Even if we forget for a moment such bizarre statements as to why didn’t Rani sa(The title by which Maharani  Padmini is called by many) take these aforementioned actions, one thing that people making such statements and calling it against feminism forget is that feminism-a cloak many(not all) use these days to get either fame or undue advantages/privileges- is not only about equality, it’s not about having a desire to be like men(a definition many feminists give subtly), it’s about what’s the worth of a woman’s life in her own eyes and moreover about the right women have over their lives, their body, their dignity and the very self. It’s about what’s more important for you- to live like a slave, lacking pride with scarred self-esteem, or to choose the path you see is the only one left while encountering an stalemate situation, a situation in which there can’t be seen a way in which a lady can safeguard her dignity, honor, self-respect, and above all her body which has been considered since ages by many as a mere beautiful object to acquire. Now what I believe is that Feminism is about women having equality, all rights over their lives, and no one including blabbering feminazis can deny women that.

Hey readers, read my debut novel, “The Monsoon Marigolds”!

The question here is that- is living that important even for empowered women or even men for that matter, that dignity, honor, and self respect become second priority?
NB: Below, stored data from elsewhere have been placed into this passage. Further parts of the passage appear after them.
lemma quot_abelian_monoid: "abelian_monoid Q"
proof (rule abelian_monoidI)
  fix x y assume "x \<in> carrier Q" "y \<in> carrier Q"
  then show "x \<oplus>\<^bsub>Q\<^esub> y \<in> carrier Q"
    by (auto simp: carrier_quot add_quot add_prod_closed)
next
  fix x y assume "x \<in> carrier Q" "y \<in> carrier Q"
  then show "x \<oplus>\<^bsub>Q\<^esub> y = y \<oplus>\<^bsub>Q\<^esub> x"
    by (auto simp: carrier_quot add_quot add_prod_comm)
next
  fix x y z assume "x \<in> carrier Q" "y \<in> carrier Q" "z \<in> carrier Q"
  then show "x \<oplus>\<^bsub>Q\<^esub> y \<oplus>\<^bsub>Q\<^esub> z = x \<oplus>\<^bsub>Q\<^esub> (y \<oplus>\<^bsub>Q\<^esub> z)"
    by (auto simp: carrier_quot add_quot add_prod_closed add_prod_assoc)
next
  show "\<zero>\<^bsub>Q\<^esub> \<in> carrier Q"
    by (simp add: carrier_quot zero_quot zero_prod_closed)
next
  fix x assume "x \<in> carrier Q"
  then show "\<zero>\<^bsub>Q\<^esub> \<oplus>\<^bsub>Q\<^esub> x = x"
    by (auto simp: carrier_quot zero_quot add_quot zero_prod_closed zero_add_prod)
qed

lemma finsum_quot:
  assumes "finite F" "\<And>j. j \<in> F \<Longrightarrow> c j \<in> carrier R" "\<And>j. j \<in> F \<Longrightarrow> X j \<in> carrier P"
  shows "finsum Q (\<lambda>j. c j \<odot>\<^bsub>Q\<^esub> fin_class (X j)) F
       = fin_class (\<lambda>a\<in>B. finsum (M a) (\<lambda>j. c j \<odot>\<^bsub>M a\<^esub> X j a) F)"
  using assms
proof (induction F rule: finite_induct)
  case empty
  then show ?case
    by (simp add: abelian_monoid.finsum_empty[OF quot_abelian_monoid] zero_quot zero_prod
        abelian_monoid.finsum_empty[OF abelian_monoid] restrict_def cong: if_cong)
next
  case (insert j F)
  define Y where "Y = (\<lambda>a\<in>B. finsum (M a) (\<lambda>j. c j \<odot>\<^bsub>M a\<^esub> X j a) F)"
  have Y: "Y \<in> carrier P"
    using insert by (auto simp: Y_def mem_carrier_prod intro!: abelian_monoid.finsum_closed[OF abelian_monoid])
  have "finsum Q (\<lambda>j. c j \<odot>\<^bsub>Q\<^esub> fin_class (X j)) (insert j F)
      = c j \<odot>\<^bsub>Q\<^esub> fin_class (X j) \<oplus>\<^bsub>Q\<^esub> finsum Q (\<lambda>j. c j \<odot>\<^bsub>Q\<^esub> fin_class (X j)) F"
    using insert by (intro abelian_monoid.finsum_insert[OF quot_abelian_monoid])
      (auto simp: smult_quot carrier_quot smult_prod_closed)
  also have "\<dots> = fin_class (c j \<odot>\<^bsub>P\<^esub> X j) \<oplus>\<^bsub>Q\<^esub> fin_class Y"
    using insert by (simp add: smult_quot Y_def restrict_def)
  also have "\<dots> = fin_class ((c j \<odot>\<^bsub>P\<^esub> X j) \<oplus>\<^bsub>P\<^esub> Y)"
    using insert Y by (intro add_quot) (auto simp: smult_prod_closed)
  also have "(c j \<odot>\<^bsub>P\<^esub> X j) \<oplus>\<^bsub>P\<^esub> Y = (\<lambda>a\<in>B. finsum (M a) (\<lambda>j. c j \<odot>\<^bsub>M a\<^esub> X j a) (insert j F))"
    using insert by (auto simp: add_prod smult_prod Y_def mem_carrier_prod
        abelian_monoid.finsum_insert[OF abelian_monoid] intro!: restrict_ext)
  finally show ?case .
qed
When the army of Allauddin Khilji surrounded the fort of Chittorgarh and their fate was inevitable, the women of Chittor had only two ways left- live in the harem of Khilji to satiate his unending lust or surrender the bodies he was obsessed to get, to fire. I’ll not say it was very easy to go for the latter one, it must not have been although it’s very easy to comment on it sitting in one’s comfort zone with popcorn buckets. She could give her body to a lustful barbaric maniac and “LIVE” but she burned the very same body to ashes-a body which had a soul unscathed by the ogling eyes.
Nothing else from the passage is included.